### Action item
Your task is to copy every record exactly.

### Data for analysis

lemma bij_betw_mult_mod:
  fixes a d :: nat
  assumes "coprime a d"
  shows "bij_betw (\<lambda>h. a * h mod d) {..<d} {..<d}"
proof -
  have "inj_on (\<lambda>h. a * h mod d) {..<d}"
  proof (rule inj_onI)
    fix h h'
    assume "h \<in> {..<d}" "h' \<in> {..<d}" "a * h mod d = a * h' mod d"
    then have "[h = h'] (mod d)" "h < d" "h' < d"
      using cong_mult_lcancel_nat[OF assms] by (auto simp: cong_def)
    then show "h = h'"
      by (rule cong_less_modulus_unique_nat)
  qed
  moreover have "(\<lambda>h. a * h mod d) ` {..<d} \<subseteq> {..<d}"
    by auto
  ultimately show ?thesis
    using endo_inj_surj[of "{..<d}"] by (simp add: bij_betw_def)
qed

lemma not_induced_mod_below_conductor:
  assumes "0 < e" "e dvd d" "e < conductor d \<chi>"
  shows "\<not> induced_mod d e \<chi>"
proof
  assume "induced_mod d e \<chi>"
  then have "conductor d \<chi> \<le> e"
    unfolding conductor_def using assms(1,2) by (intro Least_le) simp
  then show False
    using assms(3) by simp
qed

text \<open>The fibres are stable under multiplication by a unit \<open>a \<equiv> 1 (mod d div gcd b d)\<close> with
  \<open>\<chi> a \<noteq> 1\<close>, which exists by primitivity.\<close>
lemma sum_fibre_primitive_char_eq_0:
  fixes \<chi> :: "nat \<Rightarrow> 'a::idom"
  assumes \<chi>: "dirichlet_char d \<chi>" and prim: "conductor d \<chi> = d" and "0 < d"
    and b: "\<not> coprime b d"
  shows "(\<Sum>h | h < d \<and> b * h mod d = k. \<chi> h) = 0"
proof -
  define g where "g = gcd b d"
  define e where "e = d div g"
  have "g dvd b" "g dvd d" "0 < g"
    using \<open>0 < d\<close> by (simp_all add: g_def)
  moreover have "g \<noteq> 1"
    using b coprime_iff_gcd_eq_1 unfolding g_def by blast
  ultimately have "1 < g" "d = g * e"
    by (linarith, simp add: e_def)
  then have "0 < e" "e < d" "e dvd d"
    using \<open>0 < d\<close> by auto
  then obtain a where a: "coprime a d" "[a = 1] (mod e)" "\<chi> a \<noteq> 1"
    using not_induced_mod_below_conductor[of e d \<chi>] prim unfolding induced_mod_def by auto
  have "d dvd b * e"
    using mult_dvd_mono[OF \<open>g dvd b\<close> dvd_refl[of e]] \<open>d = g * e\<close> by simp
  with cong_cmult_leftI[OF a(2), of b] have "[b * a = b * 1] (mod d)"
    by (rule cong_dvd_modulus_nat)
  then have ba: "b * a mod d = b mod d"
    by (simp add: cong_def)
  define S where "S = {h. h < d \<and> b * h mod d = k}"
  define \<sigma> where "\<sigma> h = a * h mod d" for h
  have "b * \<sigma> h mod d = b * h mod d" for h
  proof -
    have "b * \<sigma> h mod d = (b * a mod d) * h mod d"
      unfolding \<sigma>_def by (simp add: mod_mult_right_eq mod_mult_left_eq mult.assoc)
    then show ?thesis
      using ba by (simp add: mod_mult_left_eq)
  qed
  then have "\<sigma> ` S \<subseteq> S"
    using \<open>0 < d\<close> unfolding S_def \<sigma>_def by auto
  moreover have "inj_on \<sigma> S"
    using bij_betw_imp_inj_on[OF bij_betw_mult_mod[OF a(1)]] unfolding S_def \<sigma>_def
    by (rule inj_on_subset) auto
  moreover have "finite S"
    unfolding S_def by simp
  ultimately have "bij_betw \<sigma> S S"
    using endo_inj_surj by (simp add: bij_betw_def)
  then have "(\<Sum>h\<in>S. \<chi> h) = (\<Sum>h\<in>S. \<chi> (\<sigma> h))"
    by (simp add: sum.reindex_bij_betw)
  also have "\<dots> = \<chi> a * (\<Sum>h\<in>S. \<chi> h)"
    unfolding \<sigma>_def by (simp add: dirichlet_char_mod[OF \<chi>] dirichlet_charD(3)[OF \<chi>] sum_distrib_left)
  finally have "(1 - \<chi> a) * (\<Sum>h\<in>S. \<chi> h) = 0"
    by (simp add: algebra_simps)
  then show ?thesis
    using a(3) unfolding S_def by simp
qed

### Solution
lemma bij_betw_mult_mod:
  fixes a d :: nat
  assumes "coprime a d"
  shows "bij_betw (\<lambda>h. a * h mod d) {..<d} {..<d}"
proof -
  have "inj_on (\<lambda>h. a * h mod d) {..<d}"
  proof (rule inj_onI)
    fix h h'
    assume "h \<in> {..<d}" "h' \<in> {..<d}" "a * h mod d = a * h' mod d"
    then have "[h = h'] (mod d)" "h < d" "h' < d"
      using cong_mult_lcancel_nat[OF assms] by (auto simp: cong_def)
    then show "h = h'"
      by (rule cong_less_modulus_unique_nat)
  qed
  moreover have "(\<lambda>h. a * h mod d) ` {..<d} \<subseteq> {..<d}"
    by auto
  ultimately show ?thesis
    using endo_inj_surj[of "{..<d}"] by (simp add: bij_betw_def)
qed

lemma not_induced_mod_below_conductor:
  assumes "0 < e" "e dvd d" "e < conductor d \<chi>"
  shows "\<not> induced_mod d e \<chi>"
proof
  assume "induced_mod d e \<chi>"
  then have "conductor d \<chi> \<le> e"
    unfolding conductor_def using assms(1,2) by (intro Least_le) simp
  then show False
    using assms(3) by simp
qed

text \<open>The fibres are stable under multiplication by a unit \<open>a \<equiv> 1 (mod d div gcd b d)\<close> with
  \<open>\<chi> a \<noteq> 1\<close>, which exists by primitivity.\<close>
lemma sum_fibre_primitive_char_eq_0:
  fixes \<chi> :: "nat \<Rightarrow> 'a::idom"
  assumes \<chi>: "dirichlet_char d \<chi>" and prim: "conductor d \<chi> = d" and "0 < d"
    and b: "\<not> coprime b d"
  shows "(\<Sum>h | h < d \<and> b * h mod d = k. \<chi> h) = 0"
proof -
  define g where "g = gcd b d"
  define e where "e = d div g"
  have "g dvd b" "g dvd d" "0 < g"
    using \<open>0 < d\<close> by (simp_all add: g_def)
  moreover have "g \<noteq> 1"
    using b coprime_iff_gcd_eq_1 unfolding g_def by blast
  ultimately have "1 < g" "d = g * e"
    by (linarith, simp add: e_def)
  then have "0 < e" "e < d" "e dvd d"
    using \<open>0 < d\<close> by auto
  then obtain a where a: "coprime a d" "[a = 1] (mod e)" "\<chi> a \<noteq> 1"
    using not_induced_mod_below_conductor[of e d \<chi>] prim unfolding induced_mod_def by auto
  have "d dvd b * e"
    using mult_dvd_mono[OF \<open>g dvd b\<close> dvd_refl[of e]] \<open>d = g * e\<close> by simp
  with cong_cmult_leftI[OF a(2), of b] have "[b * a = b * 1] (mod d)"
    by (rule cong_dvd_modulus_nat)
  then have ba: "b * a mod d = b mod d"
    by (simp add: cong_def)
  define S where "S = {h. h < d \<and> b * h mod d = k}"
  define \<sigma> where "\<sigma> h = a * h mod d" for h
  have "b * \<sigma> h mod d = b * h mod d" for h
  proof -
    have "b * \<sigma> h mod d = (b * a mod d) * h mod d"
      unfolding \<sigma>_def by (simp add: mod_mult_right_eq mod_mult_left_eq mult.assoc)
    then show ?thesis
      using ba by (simp add: mod_mult_left_eq)
  qed
  then have "\<sigma> ` S \<subseteq> S"
    using \<open>0 < d\<close> unfolding S_def \<sigma>_def by auto
  moreover have "inj_on \<sigma> S"
    using bij_betw_imp_inj_on[OF bij_betw_mult_mod[OF a(1)]] unfolding S_def \<sigma>_def
    by (rule inj_on_subset) auto
  moreover have "finite S"
    unfolding S_def by simp
  ultimately have "bij_betw \<sigma> S S"
    using endo_inj_surj by (simp add: bij_betw_def)
  then have "(\<Sum>h\<in>S. \<chi> h) = (\<Sum>h\<in>S. \<chi> (\<sigma> h))"
    by (simp add: sum.reindex_bij_betw)
  also have "\<dots> = \<chi> a * (\<Sum>h\<in>S. \<chi> h)"
    unfolding \<sigma>_def by (simp add: dirichlet_char_mod[OF \<chi>] dirichlet_charD(3)[OF \<chi>] sum_distrib_left)
  finally have "(1 - \<chi> a) * (\<Sum>h\<in>S. \<chi> h) = 0"
    by (simp add: algebra_simps)
  then show ?thesis
    using a(3) unfolding S_def by simp
qed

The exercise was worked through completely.